Finding needle in haystack..
Carsten Haitzler (The Rasterman)
raster at rasterman.com
Mon Sep 11 17:26:31 PDT 2006
On Mon, 11 Sep 2006 17:09:45 -0700 Jay Cotton <Jay.Cotton at Sun.COM> babbled:
> Alan Coopersmith wrote:
>
> > Thomson, David-P63356 wrote:
> >
> >> Developers,
> >>
> >> Could someone please hear me out and shoot me a quick response, I find
> >> these developer mailing lists are pretty segregated and people only
> >> respond to posts that deal exclusively with the work they are doing.
> >> Short story: I am doing work for "No Such Agency" . Our project would
> >> like a nice clean way of getting the socket number associated with the
> >> XID of a window. Is there a function that returns this info? If not
> >> I'll be making such a function. If I do, I'll be looking for where the
> >> window id's/socket number correlation is stored/modified.
> >
> >
> > The X server stores a file descriptor id for each client (not window) in
> > a table internally, but those are not necessarily sockets, and don't have
> > any meaning outside that process and the kernel's fd table for that
> > process,
> > so I'm not sure what you're looking for. What are you referring to as
> > a "socket number"?
> >
> There is a strong relationship between the FD and the client number (XID).

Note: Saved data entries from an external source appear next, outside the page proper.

(* Let $A$ be a closed symmetric relation in $\mathfrak H$, let $\{\mathcal H,\Gamma\}$ be an AB-generalized boundary pair for $A^*$ with components $\Gamma_0,\Gamma_1$, $\gamma$-field $\gamma(\cdot)$ and Weyl family $M(\cdot)$, and $A_*=\operatorname{dom}\Gamma$. Then: (i) $\ker\Gamma=A$; (ii) $A_*=A_0\hat+\widehat{\mathfrak N}_\lambda(A_* )$ and $\widehat{\mathfrak N}_\lambda(A_* )$ is dense in $\widehat{\mathfrak N}_\lambda(A^* )$ for all $\lambda\in\mathbb C\setminus\mathbb R$; (iii) $\gamma(\lambda)$ is a densely defined bounded operator from $\operatorname{ran}\Gamma_0$ onto $\mathfrak N_\lambda(A_* )$, with $\operatorname{dom}\gamma(\lambda)=\operatorname{ran}\Gamma_0$ (independent of $\lambda$) and $\ker\gamma(\lambda)=\operatorname{mul}\Gamma_0$; (iv) $\gamma(\lambda)^*$ is a bounded everywhere defined operator, and for $\lambda\in\mathbb C\setminus\mathbb R$ $\Gamma H(\lambda)=\{\{k,\{0,\gamma(\bar\lambda)^*k\}\}:k\in\mathfrak H\}\hat+(\{0\}\times\operatorname{mul}\Gamma)$, $\Gamma_1H(\lambda)=\gamma(\bar\lambda)^*\hat+(\{0\}\times\operatorname{mul}\Gamma_1)$; (v) the closure $\overline{\gamma(\lambda)}$ is a bounded everywhere defined operator from $\mathcal H$ into $\mathfrak N_\lambda(A^* )$ and $\overline{\gamma(\lambda)}=[I+(\lambda-\mu)(A_0-\lambda)^{-1}]\overline{\gamma(\mu)}$ for $\lambda,\mu\in\mathbb C\setminus\mathbb R$; (vi) $M(\lambda)$ is a densely defined operator for each $\lambda\in\mathbb C\setminus\mathbb R$, $\operatorname{dom}M(\lambda)=\operatorname{ran}\Gamma_0$, $M(\lambda)\subset M(\bar\lambda)^*$, the operator $\operatorname{Im}M(\lambda)=(M(\lambda)-M(\lambda)^* )/2i$ (on $\operatorname{ran}\Gamma_0$) is bounded with $\ker\operatorname{Im}M(\lambda)=\operatorname{mul}\Gamma_0$, and for any fixed $\mu\in\mathbb C\setminus\mathbb R$, $M(\lambda)=E+M_0(\lambda)$, where $E=\operatorname{Re}M(\mu)=\frac12(M(\mu)+M(\mu)^* )\upharpoonright\operatorname{ran}\Gamma_0$ is a densely defined symmetric operator in $\mathcal H$ and $M_0(\lambda)$ is a bounded operator on $\operatorname{dom}E$ whose closure $\overline{M_0(\cdot)}$ belongs to $\mathcal R[\mathcal H]$.
   Context: Linear relations are subspaces of product spaces, operators are identified with graphs; $\operatorname{mul}T=\{g:\{0,g\}\in T\}$, $T_1\hat+T_2=\{\{f+h,g+k\}:\{f,g\}\in T_1,\{h,k\}\in T_2\}$. $\mathfrak N_\lambda(T)=\ker(T-\lambda)$, $\widehat{\mathfrak N}_\lambda(T)=\{\{f,\lambda f\}:f\in\mathfrak N_\lambda(T)\}$. An AB-generalized boundary pair for $A^*$ is a linear relation $\Gamma:\mathfrak H^2\to\mathcal H^2$ with $\operatorname{dom}\Gamma\subset A^*$ dense in $A^*$ such that (1) Green's identity $(f',g)-(f,g')=(h',k)-(h,k')$ holds for all $\{\{f,f'\},\{h,h'\}\},\{\{g,g'\},\{k,k'\}\}\in\Gamma$; (2) $\operatorname{ran}\Gamma_0$ is dense in $\mathcal H$; (3) $A_0:=\ker\Gamma_0$ is selfadjoint; here $\Gamma_0=\{\{\hat f,h\}:\{\hat f,\{h,h'\}\}\in\Gamma\}$, $\Gamma_1=\{\{\hat f,h'\}:\{\hat f,\{h,h'\}\}\in\Gamma\}$. Weyl family $M(\lambda)=\{\hat h:\{\{f,\lambda f\},\hat h\}\in\Gamma\}$; $\gamma$-field $\gamma(\lambda)=\{\{h,f\}:\{\{f,\lambda f\},\{h,h'\}\}\in\Gamma\text{ for some }h'\}$. $H(\lambda):\operatorname{ran}(A_0-\lambda)\to A_0$, $H(\lambda)k=\{(A_0-\lambda)^{-1}k,\ k+\lambda(A_0-\lambda)^{-1}k\}$. $\mathcal R[\mathcal H]$: holomorphic $\mathcal B(\mathcal H)$-valued $F$ on $\mathbb C\setminus\mathbb R$ with $F(\bar\lambda)=F(\lambda)^*$, $\operatorname{Im}F(\lambda)\ge0$ on $\mathbb C_+$. *)

theory Defs
  imports "HOL-Analysis.Analysis"
begin

class chilbert = banach +
  fixes cscale :: "complex \<Rightarrow> 'a \<Rightarrow> 'a"
    and cinner :: "'a \<Rightarrow> 'a \<Rightarrow> complex"
  assumes cscale_add_right: "cscale a (x + y) = cscale a x + cscale a y"
    and cscale_add_left: "cscale (a + b) x = cscale a x + cscale b x"
    and cscale_cscale: "cscale a (cscale b x) = cscale (a * b) x"
    and cscale_one: "cscale 1 x = x"
    and cscale_of_real: "cscale (of_real r) x = scaleR r x"
    and cinner_add_left: "cinner (x + y) z = cinner x z + cinner y z"
    and cinner_cscale_left: "cinner (cscale a x) y = a * cinner x y"
    and cinner_commute: "cinner y x = cnj (cinner x y)"
    and cinner_norm: "cinner x x = of_real ((norm x)\<^sup>2)"

instantiation prod :: (chilbert, chilbert) chilbert
begin
definition cscale_prod_def: "cscale a p = (cscale a (fst p), cscale a (snd p))"
definition cinner_prod_def: "cinner p q = cinner (fst p) (fst q) + cinner (snd p) (snd q)"
instance
proof
  fix a b :: complex and x y z :: "'a \<times> 'b" and r :: real
  show "cscale a (x + y) = cscale a x + cscale a y"
    by (simp add: cscale_prod_def cscale_add_right)
  show "cscale (a + b) x = cscale a x + cscale b x"
    by (simp add: cscale_prod_def cscale_add_left)
  show "cscale a (cscale b x) = cscale (a * b) x"
    by (simp add: cscale_prod_def cscale_cscale)
  show "cscale 1 x = x" by (simp add: cscale_prod_def cscale_one)
  show "cscale (of_real r) x = scaleR r x"
    by (simp add: cscale_prod_def cscale_of_real scaleR_prod_def)
  show "cinner (x + y) z = cinner x z + cinner y z"
    by (simp add: cinner_prod_def cinner_add_left)
  show "cinner (cscale a x) y = a * cinner x y"
    by (simp add: cinner_prod_def cscale_prod_def cinner_cscale_left algebra_simps)
  show "cinner y x = cnj (cinner x y)"
    by (simp add: cinner_prod_def cinner_commute[of "fst y"] cinner_commute[of "snd y"])
  show "cinner x x = of_real ((norm x)\<^sup>2)"
    by (simp add: cinner_prod_def cinner_norm norm_prod_def)
qed
end
lemma
  assumes "diff_basis B"
  shows upper_deriv_zero: "upper_deriv B (\<lambda>_. 0) x = 0"
    and lower_deriv_zero: "lower_deriv B (\<lambda>_. 0) x = 0"
proof -
  have "{R \<in> B x. diameter R < \<delta>} \<noteq> {}" if "\<delta> > 0" for \<delta>
    using diff_basis_small_set[OF assms that] by blast
  then show "upper_deriv B (\<lambda>_. 0) x = 0" "lower_deriv B (\<lambda>_. 0) x = 0"
    by (simp_all add: upper_deriv_def lower_deriv_def avg_def)
qed

lemma zero_in_F_class: "diff_basis B \<Longrightarrow> (\<lambda>_. 0) \<in> F_class B"
  by (simp add: F_class_def upper_deriv_zero lower_deriv_zero)

lemma INF_greaterThan_restrict:
  fixes F :: "real \<Rightarrow> 'a::complete_lattice"
  assumes "r > 0" and mono: "\<And>d d'. 0 < d \<Longrightarrow> d \<le> d' \<Longrightarrow> F d \<le> F d'"
  shows "(INF d\<in>{0<..}. F d) = (INF d\<in>{0<..r}. F d)"
proof (rule antisym)
  show "(INF d\<in>{0<..r}. F d) \<le> (INF d\<in>{0<..}. F d)"
  proof (rule INF_greatest)
    fix d :: real assume "d \<in> {0<..}"
    then have "(INF d\<in>{0<..r}. F d) \<le> F (min d r)"
      using \<open>r > 0\<close> by (intro INF_lower) auto
    also have "\<dots> \<le> F d"
      using \<open>d \<in> {0<..}\<close> \<open>r > 0\<close> by (intro mono) auto
    finally show "(INF d\<in>{0<..r}. F d) \<le> F d" .
  qed
qed (rule INF_superset_mono; auto)

lemma SUP_greaterThan_restrict:
  fixes F :: "real \<Rightarrow> 'a::complete_lattice"
  assumes "r > 0" and antimono: "\<And>d d'. 0 < d \<Longrightarrow> d \<le> d' \<Longrightarrow> F d' \<le> F d"
  shows "(SUP d\<in>{0<..}. F d) = (SUP d\<in>{0<..r}. F d)"
proof (rule antisym)
  show "(SUP d\<in>{0<..}. F d) \<le> (SUP d\<in>{0<..r}. F d)"
  proof (rule SUP_least)
    fix d :: real assume "d \<in> {0<..}"
    then have "F d \<le> F (min d r)"
      using \<open>r > 0\<close> by (intro antimono) auto
    also have "\<dots> \<le> (SUP d\<in>{0<..r}. F d)"
      using \<open>d \<in> {0<..}\<close> \<open>r > 0\<close> by (intro SUP_upper) auto
    finally show "F d \<le> (SUP d\<in>{0<..r}. F d)" .
  qed
qed (rule SUP_subset_mono; auto)

lemma avg_cong: "(\<And>y. y \<in> R \<Longrightarrow> f y = h y) \<Longrightarrow> avg f R = avg h R"
  unfolding avg_def set_lebesgue_integral_def
  by (metis (mono_tags, lifting) indicator_simps(2) scale_zero_left)

lemma
  assumes B: "diff_basis B" and "open U" and "x \<in> U" and fh: "\<And>y. y \<in> U \<Longrightarrow> f y = h y"
  shows upper_deriv_cong_open: "upper_deriv B f x = upper_deriv B h x"
    and lower_deriv_cong_open: "lower_deriv B f x = lower_deriv B h x"
proof -
  obtain r where r: "r > 0" "ball x r \<subseteq> U"
    using \<open>open U\<close> \<open>x \<in> U\<close> open_contains_ball by blast
  have avg: "avg f R = avg h R" if R: "R \<in> B x" "diameter R < r" for R
  proof (rule avg_cong)
    fix y assume "y \<in> R"
    then have "dist x y < r"
      using diameter_bounded_bound[OF diff_basis_bounded[OF B R(1)] diff_basis_mem[OF B R(1)]] R(2)
      by fastforce
    then show "f y = h y"
      using r by (intro fh) auto
  qed
  show "upper_deriv B f x = upper_deriv B h x"
    unfolding upper_deriv_def
    by (subst (1 2) INF_greaterThan_restrict[OF r(1)])
      (auto intro!: SUP_subset_mono INF_cong SUP_cong simp: avg)
  show "lower_deriv B f x = lower_deriv B h x"
    unfolding lower_deriv_def
    by (subst (1 2) SUP_greaterThan_restrict[OF r(1)])
      (auto intro!: INF_superset_mono SUP_cong INF_cong simp: avg)
qed

lemma Gamma2_orthogonal: "g \<in> Gamma2 \<Longrightarrow> orthogonal_transformation g"
  by (simp add: Gamma2_def)

lemma rotation_about_decompose:
  "(\<lambda>y. x + g (y - x)) ` R = (+) x ` g ` (\<lambda>y. y - x) ` R"
  by (simp add: image_image)

lemma dist_rotation_about:
  assumes "orthogonal_transformation g"
  shows "dist (x + g (a - x)) (x + g (b - x)) = dist a b"
proof -
  have "(x + g (a - x)) - (x + g (b - x)) = g (a - b)"
    using orthogonal_transformation_linear[OF assms] by (simp add: linear_diff)
  then show ?thesis
    using assms by (simp add: dist_norm orthogonal_transformation_norm)
qed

> So, since you can track back to the client connection (Alans' Dtrace
> code) you
> should be able to trudge through the connection table and find the
> socket number.
> If there is one. Remember that most clients don't have sockets since
> they are
> local to the server.
then indeed to have sockets - even when local. they don't go through the tcp
network stack either. unix sockets.
--
------------- Codito, ergo sum - "I code, therefore I am" --------------
The Rasterman (Carsten Haitzler) raster at rasterman.com
裸好多
Tokyo, Japan (東京 日本)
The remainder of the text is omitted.